Second, m-CIMT is primarily validated for children with mild to moderate impairment (MACS I–III). The authors applied this protocol to children with severe impairment (MACS IV–V) without clarifying if any adaptations were made for feasibility, engagement, or safety.
I agree that we didn’t make any adaptations.
The literature lacks consensus on m-CIMT’s suitability for this subgroup, and its unmodified use raises ethical and clinical concerns. (Hoare et al., 2019)
Studies on m-CIMT have varied protocols for the m-CIMT. We reviewed many studies before deciding on the m-CIMT and collectively decided to base for m-CIMT intervention protocol on the findings of Sakzewski et al. (2014).
Third, while the use of the Fine Motor domain of the Peabody Developmental Motor Scales-2 (FM_PDMS-2) is understandable, it does not capture spontaneous use, bimanual coordination, or real-world hand function, particularly critical in MACS IV–V populations. Tools such as the Assisting Hand Assessment (AHA) and the Quality of Upper Extremity Skills Test (QUEST) are better aligned with the ICF framework and offer greater ecological validity (Novak et al., 2013).
Future studies can re-evaluate the findings using the above-recommended outcome measures.
Furthermore, the omission of standardized scores (SS), effect sizes, and confidence intervals (CI) in reporting limits the clinical interpretability of the findings.
SS scores in PDMS-2 can be analyzed only if we do a normative study. Since we used FM-PDMS-2 as an outcome measure, raw scores were used to interpret the scores.
The effect size was analysed through the percentage change. Future study statistics presentation through CI can be considered.
Lastly, the study permitted therapist-assisted elbow extension during SWB without detailing how this assistance was standardized. Variability in manual facilitation may impact the intervention’s fidelity and reproducibility.
Since children with MACS Level IV and V were only selected for this study, hence if any children were unable to maintain a full elbow extension position, the same was incorporated manually by the investigator (supporting the elbow to the limit of their initiation till they were able to maintain the same by themselves).

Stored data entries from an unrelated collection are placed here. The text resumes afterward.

lemma ex_Qobj_asm_iso:
  fixes B :: "'a asm"
  assumes "infinite (UNIV :: 'a set)" and "is_asm B"
  shows "\<exists>(X :: 'a qobj) k l. is_Qobj X \<and> asm_hom (Q_asm X) B k \<and> asm_hom B (Q_asm X) l
           \<and> hom_eq (Q_asm X) (l \<circ> k) id \<and> hom_eq B (k \<circ> l) id"
proof -
  obtain e :: "'a \<times> nat \<Rightarrow> 'a" where e: "inj e"
    using infinite_UNIV_ex_inj_prod_nat[OF assms(1)] by blast
  show ?thesis
    using is_Qobj_graph_Qobj[OF e] asm_iso_Q_asm_graph_Qobj[OF e assms(2)] by blast
qed

theorem theorem4p3:
  assumes "infinite (UNIV :: 'a set)"
  shows "\<exists>(F0 :: 'a qobj \<Rightarrow> 'a asm) (F1 :: 'a qobj \<Rightarrow> 'a qobj \<Rightarrow> ('a \<Rightarrow> 'a) \<Rightarrow> ('a \<Rightarrow> 'a))
           (b :: 'a qobj \<Rightarrow> 'a set \<Rightarrow> 'a set).
     \<comment> \<open>F is a functor Q_{PGamma} \<rightarrow> Asm\<close>
     (\<forall>X. is_Qobj X \<longrightarrow> is_asm (F0 X))
   \<and> (\<forall>X Y f. is_Qobj X \<and> is_Qobj Y \<and> Q_arrow X Y f \<longrightarrow> asm_hom (F0 X) (F0 Y) (F1 X Y f))
   \<and> (\<forall>X Y f g. is_Qobj X \<and> is_Qobj Y \<and> Q_arrow X Y f \<and> Q_arrow X Y g \<and> Q_eq X Y f g
        \<longrightarrow> hom_eq (F0 X) (F1 X Y f) (F1 X Y g))
   \<and> (\<forall>X. is_Qobj X \<longrightarrow> hom_eq (F0 X) (F1 X X id) id)
   \<and> (\<forall>X Y Z f g. is_Qobj X \<and> is_Qobj Y \<and> is_Qobj Z \<and> Q_arrow X Y f \<and> Q_arrow Y Z g
        \<longrightarrow> hom_eq (F0 X) (F1 X Z (g \<circ> f)) (F1 Y Z g \<circ> F1 X Y f))
     \<comment> \<open>F is faithful, full and essentially surjective\<close>
   \<and> (\<forall>X Y f g. is_Qobj X \<and> is_Qobj Y \<and> Q_arrow X Y f \<and> Q_arrow X Y g
        \<and> hom_eq (F0 X) (F1 X Y f) (F1 X Y g) \<longrightarrow> Q_eq X Y f g)
   \<and> (\<forall>X Y h. is_Qobj X \<and> is_Qobj Y \<and> asm_hom (F0 X) (F0 Y) h
        \<longrightarrow> (\<exists>f. Q_arrow X Y f \<and> hom_eq (F0 X) (F1 X Y f) h))
   \<and> (\<forall>B :: 'a asm. is_asm B \<longrightarrow> (\<exists>X k l. is_Qobj X \<and> asm_hom (F0 X) B k \<and> asm_hom B (F0 X) l
        \<and> hom_eq (F0 X) (l \<circ> k) id \<and> hom_eq B (k \<circ> l) id))
     \<comment> \<open>b is a natural isomorphism Qbar(PGamma) \<cong> Ssb \<circ> F\<close>
   \<and> (\<forall>X. is_Qobj X \<longrightarrow> bij_betw (b X) (Qbar X) (Ssb (F0 X))
        \<and> (\<forall>\<alpha>\<in>Qbar X. \<forall>\<beta>\<in>Qbar X. \<alpha> \<subseteq> \<beta> \<longleftrightarrow> b X \<alpha> \<subseteq> b X \<beta>))
   \<and> (\<forall>X Y f \<alpha>. is_Qobj X \<and> is_Qobj Y \<and> Q_arrow X Y f \<and> \<alpha> \<in> Qbar Y
        \<longrightarrow> b X (Qbar_reindex X f \<alpha>) = Ssb_reindex (F0 X) (F1 X Y f) (b Y \<alpha>))"
proof -
  have is_Qobj_pasm: "is_Qobj X \<Longrightarrow> is_pasm (fst X)" for X :: "'a qobj"
    by (simp add: is_Qobj_def)
  show ?thesis
    apply (rule exI[of _ Q_asm], rule exI[of _ "\<lambda>X. Q_map"],
        rule exI[of _ "\<lambda>X. (`) (class_rep (snd X))"])
    apply (intro conjI allI impI; (elim conjE)?)
    \<comment> \<open>without \<open>ex_simps\<close> the existential of \<open>ex_Qobj_asm_iso\<close> would be miniscoped and missed\<close>
    by (simp_all add: is_asm_Q_asm is_Qobj_asm is_Qobj_pasm is_Qobj_equiv asm_hom_Q_map
        Q_eq_imp_hom_eq Q_map_id Q_map_comp hom_eq_imp_Q_eq Q_asm_full ex_Qobj_asm_iso[OF assms]
        bij_betw_image_class_rep_Qbar image_class_rep_Qbar_subset_iff image_class_rep_Qbar_reindex
        del: ex_simps split_paired_Ex)
qed

end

Additionally, although a home program was mentioned, there was no report on adherence, frequency, or duration. This is an important omission, considering that home-based reinforcement often plays a pivotal role in paediatric therapy outcomes (Sakzewski et al., 2014)

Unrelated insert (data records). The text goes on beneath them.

(* The big-O problem and the big-$\Theta$ problem for (non-negative) weighted automata are interreducible: each reduces to the other by a computable many-one reduction.
   Context: A (non-negative) weighted automaton is $\langle Q,\Sigma,M,F\rangle$ with finite $Q$, finite alphabet $\Sigma$, $M:\Sigma\to\mathbb{Q}_{\ge0}^{Q\times Q}$ and $F\subseteq Q$; the weight of $w=a_1\cdots a_n$ from $s$ is $\nu_s(w)=\sum_{t\in F}(M(a_1)\cdots M(a_n))_{s,t}$. State $s$ is big-O of $s'$ if there is $C>0$ with $\nu_s(w)\le C\nu_{s'}(w)$ for all $w\in\Sigma^*$; $s$ is big-$\Theta$ of $s'$ if $s$ is big-O of $s'$ and $s'$ is big-O of $s$. The big-O (resp. big-$\Theta$) problem asks, given an automaton and states $s,s'$, whether $s$ is big-O (resp. big-$\Theta$) of $s'$. *)

theory Defs
  imports Complex_Main "HOL-Library.Nat_Bijection"
begin

datatype recf = Z | S | Proj nat | Comp recf "recf list" | Prim recf recf | Mu recf

inductive rec_eval :: "recf \<Rightarrow> nat list \<Rightarrow> nat \<Rightarrow> bool" where
  zero: "rec_eval Z xs 0"
| succ: "rec_eval S (x # xs) (Suc x)"
| proj: "i < length xs \<Longrightarrow> rec_eval (Proj i) xs (xs ! i)"
| comp: "list_all2 (\<lambda>g z. rec_eval g xs z) gs zs \<Longrightarrow> rec_eval f zs y
         \<Longrightarrow> rec_eval (Comp f gs) xs y"
| prim0: "rec_eval f xs y \<Longrightarrow> rec_eval (Prim f g) (0 # xs) y"
| primS: "rec_eval (Prim f g) (n # xs) z \<Longrightarrow> rec_eval g (n # z # xs) y
         \<Longrightarrow> rec_eval (Prim f g) (Suc n # xs) y"
| mu: "rec_eval f (n # xs) 0 \<Longrightarrow> (\<forall>k<n. \<exists>v. v > 0 \<and> rec_eval f (k # xs) v)
         \<Longrightarrow> rec_eval (Mu f) xs n"
monos list_all2_mono

definition computable :: "(nat \<Rightarrow> nat) \<Rightarrow> bool" where
  "computable f \<longleftrightarrow> (\<exists>r. \<forall>x. rec_eval r [x] (f x))"

definition many_one_reduces :: "nat set \<Rightarrow> nat set \<Rightarrow> bool" where
  "many_one_reduces A B \<longleftrightarrow> (\<exists>f. computable f \<and> (\<forall>x. x \<in> A \<longleftrightarrow> f x \<in> B))"

text \<open>A non-negative rational is given as (numerator, denominator), denominator > 0.
  An instance: number of states n (states 0..<n), a list of transition matrices
  (one per letter, letters 0..<length), each a list of n rows of n entries,
  the final states (list), and the two states s, s'.\<close>

record inst =
  nstates :: nat
  mats :: "(nat \<times> nat) list list list"
  finals :: "nat list"
  st1 :: nat
  st2 :: nat

definition wf_inst :: "inst \<Rightarrow> bool" where
  "wf_inst I \<longleftrightarrow> st1 I < nstates I \<and> st2 I < nstates I
     \<and> (\<forall>t\<in>set (finals I). t < nstates I)
     \<and> (\<forall>m\<in>set (mats I). length m = nstates I
          \<and> (\<forall>row\<in>set m. length row = nstates I \<and> (\<forall>e\<in>set row. snd e > 0)))"

definition entry :: "inst \<Rightarrow> nat \<Rightarrow> nat \<Rightarrow> nat \<Rightarrow> rat" where
  "entry I a p q = (let e = mats I ! a ! p ! q in of_nat (fst e) / of_nat (snd e))"

text \<open>nu p w = sum over t in F of (M(a1)...M(an))_{p,t}.\<close>
fun weight :: "inst \<Rightarrow> nat \<Rightarrow> nat list \<Rightarrow> rat" where
  "weight I p [] = (if p \<in> set (finals I) then 1 else 0)"
| "weight I p (a # w) = (\<Sum>q<nstates I. entry I a p q * weight I q w)"

definition is_word :: "inst \<Rightarrow> nat list \<Rightarrow> bool" where
  "is_word I w \<longleftrightarrow> (\<forall>a\<in>set w. a < length (mats I))"

definition big_O :: "inst \<Rightarrow> nat \<Rightarrow> nat \<Rightarrow> bool" where
  "big_O I s s' \<longleftrightarrow> (\<exists>C::real. C > 0 \<and> (\<forall>w. is_word I w \<longrightarrow> of_rat (weight I s w) \<le> C * of_rat (weight I s' w)))"

definition big_Theta :: "inst \<Rightarrow> nat \<Rightarrow> nat \<Rightarrow> bool" where
  "big_Theta I s s' \<longleftrightarrow> big_O I s s' \<and> big_O I s' s"

definition enc_inst :: "inst \<Rightarrow> nat" where
  "enc_inst I = list_encode
     [nstates I,
      list_encode (map (\<lambda>m. list_encode (map (\<lambda>row. list_encode (map prod_encode row)) m)) (mats I)),
      list_encode (finals I), st1 I, st2 I]"

definition BigO_problem :: "nat set" where
  "BigO_problem = {enc_inst I | I. wf_inst I \<and> big_O I (st1 I) (st2 I)}"

definition BigTheta_problem :: "nat set" where
  "BigTheta_problem = {enc_inst I | I. wf_inst I \<and> big_Theta I (st1 I) (st2 I)}"

end

theory Submission
  imports Defs
begin

(* Both reductions add two fresh letters and two fresh states n, n + 1 (the new distinguished
   pair) to the automaton; the fresh states have only weight-1 transitions, on the fresh letters,
   into the old states s, s'.  Every word read from a fresh state that is not of the form a w,
   with a fresh letter a and w a word of the old automaton, has weight 0.

   Big-O to big-Theta: the letter a leads n to s and s', and n + 1 to s'.  Then
   nu_n(a w) = nu_s(w) + nu_s'(w) (just nu_s(w) if s = s') and nu_(n+1)(a w) = nu_s'(w), so n + 1 is
   always big-O of n, and n is big-O of n + 1 iff s is big-O of s'.

   Big-Theta to big-O: the letter a leads n to s and n + 1 to s', the letter b leads n to s' and
   n + 1 to s.  So n is big-O of n + 1 iff s is big-O of s' and s' is big-O of s.

   On codes the construction is assembled from mu-recursive combinators; codes of ill-formed
   instances are sent to a fixed instance that lies in neither problem. *)

section \<open>Mu-recursive functions on argument lists\<close>

definition rec_computable :: "nat \<Rightarrow> (nat list \<Rightarrow> nat) \<Rightarrow> bool" where
  "rec_computable k f \<longleftrightarrow> (\<exists>r. \<forall>xs. length xs = k \<longrightarrow> rec_eval r xs (f xs))"

lemma rec_computable_cong:
  "rec_computable k f \<Longrightarrow> (\<And>xs. length xs = k \<Longrightarrow> f xs = g xs) \<Longrightarrow> rec_computable k g"
  unfolding rec_computable_def by metis

lemma computable_if_rec_computable:
  assumes "rec_computable (Suc 0) (\<lambda>xs. f (xs ! 0))"
  shows "computable f"
proof -
  obtain r where "\<forall>xs. length xs = Suc 0 \<longrightarrow> rec_eval r xs (f (xs ! 0))"
    using assms unfolding rec_computable_def by blast
  then have "rec_eval r [x] (f x)" for x by (metis length_Cons list.size(3) nth_Cons_0)
  then show ?thesis unfolding computable_def by blast
qed

lemma rec_computable_comp:
  assumes "rec_computable m f" "length gs = m" "\<forall>g\<in>set gs. rec_computable k g"
  shows "rec_computable k (\<lambda>xs. f (map (\<lambda>g. g xs) gs))"
proof -
  let ?computes = "\<lambda>r g. \<forall>xs. length xs = k \<longrightarrow> rec_eval r xs (g xs)"
  have "\<exists>rs. list_all2 ?computes rs gs"
    using assms(3) unfolding rec_computable_def
    by (induction gs) (auto intro: list_all2_Cons[THEN iffD2])
  then obtain rs where rs: "list_all2 ?computes rs gs" by blast
  obtain rf where rf: "\<forall>zs. length zs = m \<longrightarrow> rec_eval rf zs (f zs)"
    using assms(1) unfolding rec_computable_def by blast
  have "rec_eval (Comp rf rs) xs (f (map (\<lambda>g. g xs) gs))" if "length xs = k" for xs
  proof (rule rec_eval.comp)
    show "list_all2 (\<lambda>r z. rec_eval r xs z) rs (map (\<lambda>g. g xs) gs)"
      using rs that by (auto simp: list_all2_conv_all_nth)
    show "rec_eval rf (map (\<lambda>g. g xs) gs) (f (map (\<lambda>g. g xs) gs))"
      using rf assms(2) by simp
  qed
  then show ?thesis unfolding rec_computable_def by blast
qed

lemma rec_computable_compose1:
  assumes "rec_computable (Suc 0) (\<lambda>ys. F (ys ! 0))" "rec_computable k f"
  shows "rec_computable k (\<lambda>xs. F (f xs))"
  using rec_computable_comp[OF assms(1), of "[f]" k] assms by simp

lemma rec_computable_compose2:
  assumes "rec_computable (Suc (Suc 0)) (\<lambda>ys. F (ys ! 0) (ys ! 1))"
    and "rec_computable k f" "rec_computable k g"
  shows "rec_computable k (\<lambda>xs. F (f xs) (g xs))"
  using rec_computable_comp[OF assms(1), of "[f, g]" k] assms by simp

primrec prim_rec :: "(nat list \<Rightarrow> nat) \<Rightarrow> (nat list \<Rightarrow> nat) \<Rightarrow> nat \<Rightarrow> nat list \<Rightarrow> nat" where
  "prim_rec f g 0 xs = f xs"
| "prim_rec f g (Suc n) xs = g (n # prim_rec f g n xs # xs)"

lemma rec_computable_prim_rec:
  assumes "rec_computable k f" "rec_computable (Suc (Suc k)) g"
  shows "rec_computable (Suc k) (\<lambda>ys. prim_rec f g (hd ys) (tl ys))"
proof -
  obtain rf where rf: "\<forall>xs. length xs = k \<longrightarrow> rec_eval rf xs (f xs)"
    using assms(1) unfolding rec_computable_def by blast
  obtain rg where rg: "\<forall>xs. length xs = Suc (Suc k) \<longrightarrow> rec_eval rg xs (g xs)"
    using assms(2) unfolding rec_computable_def by blast
  have "rec_eval (Prim rf rg) (n # xs) (prim_rec f g n xs)" if "length xs = k" for n xs
    by (induction n) (use rf rg that in \<open>auto intro: rec_eval.prim0 rec_eval.primS\<close>)
  then show ?thesis
    unfolding rec_computable_def by (intro exI[of _ "Prim rf rg"]) (auto simp: length_Suc_conv)
qed

lemma rec_computable_by_prim_rec:
  assumes "rec_computable k f" "rec_computable (Suc (Suc k)) g"
    and "\<And>n xs. length xs = k \<Longrightarrow> prim_rec f g n xs = h (n # xs)"
  shows "rec_computable (Suc k) h"
  using rec_computable_prim_rec[OF assms(1,2)]
  by (rule rec_computable_cong) (auto simp: length_Suc_conv assms(3))

lemma rec_computable_Least:
  assumes "rec_computable (Suc k) f" "\<And>xs. length xs = k \<Longrightarrow> \<exists>n. f (n # xs) = 0"
  shows "rec_computable k (\<lambda>xs. LEAST n. f (n # xs) = 0)"
proof -
  obtain rf where rf: "\<forall>xs. length xs = Suc k \<longrightarrow> rec_eval rf xs (f xs)"
    using assms(1) unfolding rec_computable_def by blast
  have "rec_eval (Mu rf) xs (LEAST n. f (n # xs) = 0)" if len: "length xs = k" for xs
  proof (rule rec_eval.mu)
    let ?n = "LEAST n. f (n # xs) = 0"
    have "f (?n # xs) = 0" using assms(2)[OF len] by (rule LeastI_ex)
    then show "rec_eval rf (?n # xs) 0" using rf len by (metis length_Cons)
    have "0 < f (j # xs) \<and> rec_eval rf (j # xs) (f (j # xs))" if "j < ?n" for j
      using not_less_Least[OF that] rf len by auto
    then show "\<forall>j<?n. \<exists>v. v > 0 \<and> rec_eval rf (j # xs) v" by blast
  qed
  then show ?thesis unfolding rec_computable_def by blast
qed

lemma rec_computable_nth: "j < k \<Longrightarrow> rec_computable k (\<lambda>xs. xs ! j)"
  unfolding rec_computable_def by (auto intro: rec_eval.proj)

Each position was demonstrated to the parents until they learned to perform it correctly (to be practiced at home). They were reviewed during the follow-up visit (twice in a week), but were not mentioned in the original article to assess the adherence and frequency.
In conclusion, while the study provides promising insights into the comparative potential of SWB and m-CIMT, particularly in a relatively understudied population, several design elements limit its broader clinical applicability. Future studies should explicitly tailor interventions for severely impaired populations, employ functionally relevant outcome measures, and incorporate follow-up to evaluate sustained impact. Furthermore, rigorous standardization and monitoring of both therapist-delivered and home-based components will enhance the robustness and reproducibility of the findings.
Subsequent to these findings, we have made newer and better changes to provide a stable and comfortable prone lying position to ensure equal weight bearing on both UL (through modified scooter board with wheels- lock open and lock release option), with the option of static and dynamic variability without much manual variations. These changes are bringing us more promising results.
Future studies must have more rigorous standardization and longer duration interventions to see the lasting effect.
We thank the authors for their contributions and hope these considerations inform us of future work in this important area of paediatric neurorehabilitation.
We will surely report on our findings. Thank you so much for the valuable opinion.